> About this task: Only one stretch of the records below is wanted: the lines from the one holding "F \<longrightarrow> inf" through the one holding "(\<forall>l. \<nu> l". Return it exactly, both ends included.

Stored data
(* Let $\mathbf C$ be a category of coframes and $L$ a $\mathbf C$-object. (1) If $L$ is spatial, then $\nu=\operatorname{adh}_{\lim_\nu}$ for every adherence structure $\nu$ on $L$. (2) If $L$ is prime-continuous, then $\lim=\lim_{\operatorname{adh}_{\lim}}$ for every classical pretopological convergence structure $\lim$ on $L$. (3) If $L$ is both spatial and prime-continuous, then the maps $\nu\mapsto\lim_\nu$ and $\lim\mapsto\operatorname{adh}_{\lim}$ define an order isomorphism between adherence structures and classical pretopological convergence structures on $L$ (both ordered pointwise).
   Context: A category of coframes has coframes (complete lattices where arbitrary infima distribute over binary suprema) as objects and coframe morphisms. $\mathcal C_L$ is the set of complemented elements of $L$. A filter on $L$ is a non-empty upward-closed subset closed under binary meets ($L$ allowed); $\mathbb F L$ is the set of filters. For $\mathcal A\subseteq L$, $\mathcal A^\#=\{\ell: a\wedge\ell\ne\bot\ \forall a\in\mathcal A\}$. A convergence structure on $L$ is a monotone map $\lim:\mathbb F L\to L$; it is pretopological if $\lim\bigcap_i\mathcal F_i=\bigwedge_i\lim\mathcal F_i$ for every family of filters, and classical if $\mathcal F\cap\mathcal C_L=\mathcal G\cap\mathcal C_L$ implies $\lim\mathcal F=\lim\mathcal G$. Its raw adherence is $\operatorname{adh}^0_{\lim}\ell=\bigvee\{\lim\mathcal F:\ell\in\mathcal F^\#\}$, and its adherence is $\operatorname{adh}_{\lim}\ell=\bigwedge\{\operatorname{adh}^0_{\lim}a:a\in\mathcal C_L,a\ge\ell\}$. An adherence structure on $L$ is a monotone $\nu:L\to L$ preserving finite suprema of complemented elements with $\nu(\ell)=\bigwedge\{\nu(a):a\in\mathcal C_L,a\ge\ell\}$; it induces $\lim_\nu\mathcal F=\bigwedge\{\nu(a):a\in\mathcal C_L\cap\mathcal F^\#\}$. $L$ is spatial if every element is a supremum of join-prime elements (an element $x\neq\bot$ with $x\le\ell_1\vee\ell_2$ implying $x\le\ell_1$ or $x\le\ell_2$). Write $\ell\lll\ell'$ if for every $S\subseteq L$ with $\ell'\le\bigvee S$ some element of $S$ is $\ge\ell$; $L$ is prime-continuous if every element $\ell$ is the supremum of the elements $\lll\ell$. *)

theory Defs
  imports Main
begin

class coframe = complete_lattice +
  assumes sup_Inf_distrib_coframe: "sup a (Inf S) = (INF s\<in>S. sup a s)"

definition complemented :: "'a::coframe set" where
  "complemented = {a. \<exists>b. inf a b = bot \<and> sup a b = top}"

definition is_filter :: "'a::coframe set \<Rightarrow> bool" where
  "is_filter F \<longleftrightarrow> F \<noteq> {} \<and> (\<forall>x y. x \<in> F \<and> x \<le> y \<longrightarrow> y \<in> F)
                   \<and> (\<forall>x y. x \<in> F \<and> y \<in> F \<longrightarrow> inf x y \<in> F)"

definition sharp :: "'a::coframe set \<Rightarrow> 'a set" where
  "sharp A = {l. \<forall>a\<in>A. inf a l \<noteq> bot}"

text \<open>Convergence structures: monotone maps from filters to L (values on non-filters irrelevant).\<close>
definition convergence_structure :: "('a::coframe set \<Rightarrow> 'a) \<Rightarrow> bool" where
  "convergence_structure lim \<longleftrightarrow>
     (\<forall>F G. is_filter F \<and> is_filter G \<and> F \<subseteq> G \<longrightarrow> lim F \<le> lim G)"

definition pretopological :: "('a::coframe set \<Rightarrow> 'a) \<Rightarrow> bool" where
  "pretopological lim \<longleftrightarrow>
     (\<forall>\<FF>. (\<forall>F\<in>\<FF>. is_filter F) \<longrightarrow> lim (\<Inter>\<FF>) = (INF F\<in>\<FF>. lim F))"

definition classical :: "('a::coframe set \<Rightarrow> 'a) \<Rightarrow> bool" where
  "classical lim \<longleftrightarrow>
     (\<forall>F G. is_filter F \<and> is_filter G \<and> F \<inter> complemented = G \<inter> complemented
            \<longrightarrow> lim F = lim G)"

definition classical_pretop_conv :: "('a::coframe set \<Rightarrow> 'a) \<Rightarrow> bool" where
  "classical_pretop_conv lim \<longleftrightarrow>
     convergence_structure lim \<and> pretopological lim \<and> classical lim"

definition raw_adh :: "('a::coframe set \<Rightarrow> 'a) \<Rightarrow> 'a \<Rightarrow> 'a" where
  "raw_adh lim l = Sup {lim F | F. is_filter F \<and> l \<in> sharp F}"

definition adh :: "('a::coframe set \<Rightarrow> 'a) \<Rightarrow> 'a \<Rightarrow> 'a" where
  "adh lim l = Inf {raw_adh lim a | a. a \<in> complemented \<and> l \<le> a}"

text \<open>Adherence structures; "finite suprema" includes the empty supremum (bottom).\<close>
definition adherence_structure :: "('a::coframe \<Rightarrow> 'a) \<Rightarrow> bool" where
  "adherence_structure \<nu> \<longleftrightarrow>
     mono \<nu> \<and> \<nu> bot = bot
     \<and> (\<forall>a b. a \<in> complemented \<and> b \<in> complemented \<longrightarrow> \<nu> (sup a b) = sup (\<nu> a) (\<nu> b))
     \<and> (\<forall>l. \<nu> l = Inf {\<nu> a | a. a \<in> complemented \<and> l \<le> a})"

definition lim_of :: "('a::coframe \<Rightarrow> 'a) \<Rightarrow> 'a set \<Rightarrow> 'a" where
  "lim_of \<nu> F = Inf {\<nu> a | a. a \<in> complemented \<inter> sharp F}"

definition join_prime :: "'a::coframe \<Rightarrow> bool" where
  "join_prime x \<longleftrightarrow> x \<noteq> bot \<and> (\<forall>l1 l2. x \<le> sup l1 l2 \<longrightarrow> x \<le> l1 \<or> x \<le> l2)"

definition spatial :: "'a::coframe itself \<Rightarrow> bool" where
  "spatial _ \<longleftrightarrow> (\<forall>l::'a. l = Sup {x. join_prime x \<and> x \<le> l})"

> Answer:
                   \<and> (\<forall>x y. x \<in> F \<and> y \<in> F \<longrightarrow> inf x y \<in> F)"

definition sharp :: "'a::coframe set \<Rightarrow> 'a set" where
  "sharp A = {l. \<forall>a\<in>A. inf a l \<noteq> bot}"

text \<open>Convergence structures: monotone maps from filters to L (values on non-filters irrelevant).\<close>
definition convergence_structure :: "('a::coframe set \<Rightarrow> 'a) \<Rightarrow> bool" where
  "convergence_structure lim \<longleftrightarrow>
     (\<forall>F G. is_filter F \<and> is_filter G \<and> F \<subseteq> G \<longrightarrow> lim F \<le> lim G)"

definition pretopological :: "('a::coframe set \<Rightarrow> 'a) \<Rightarrow> bool" where
  "pretopological lim \<longleftrightarrow>
     (\<forall>\<FF>. (\<forall>F\<in>\<FF>. is_filter F) \<longrightarrow> lim (\<Inter>\<FF>) = (INF F\<in>\<FF>. lim F))"

definition classical :: "('a::coframe set \<Rightarrow> 'a) \<Rightarrow> bool" where
  "classical lim \<longleftrightarrow>
     (\<forall>F G. is_filter F \<and> is_filter G \<and> F \<inter> complemented = G \<inter> complemented
            \<longrightarrow> lim F = lim G)"

definition classical_pretop_conv :: "('a::coframe set \<Rightarrow> 'a) \<Rightarrow> bool" where
  "classical_pretop_conv lim \<longleftrightarrow>
     convergence_structure lim \<and> pretopological lim \<and> classical lim"

definition raw_adh :: "('a::coframe set \<Rightarrow> 'a) \<Rightarrow> 'a \<Rightarrow> 'a" where
  "raw_adh lim l = Sup {lim F | F. is_filter F \<and> l \<in> sharp F}"

definition adh :: "('a::coframe set \<Rightarrow> 'a) \<Rightarrow> 'a \<Rightarrow> 'a" where
  "adh lim l = Inf {raw_adh lim a | a. a \<in> complemented \<and> l \<le> a}"

text \<open>Adherence structures; "finite suprema" includes the empty supremum (bottom).\<close>
definition adherence_structure :: "('a::coframe \<Rightarrow> 'a) \<Rightarrow> bool" where
  "adherence_structure \<nu> \<longleftrightarrow>
     mono \<nu> \<and> \<nu> bot = bot
     \<and> (\<forall>a b. a \<in> complemented \<and> b \<in> complemented \<longrightarrow> \<nu> (sup a b) = sup (\<nu> a) (\<nu> b))
     \<and> (\<forall>l. \<nu> l = Inf {\<nu> a | a. a \<in> complemented \<and> l \<le> a})"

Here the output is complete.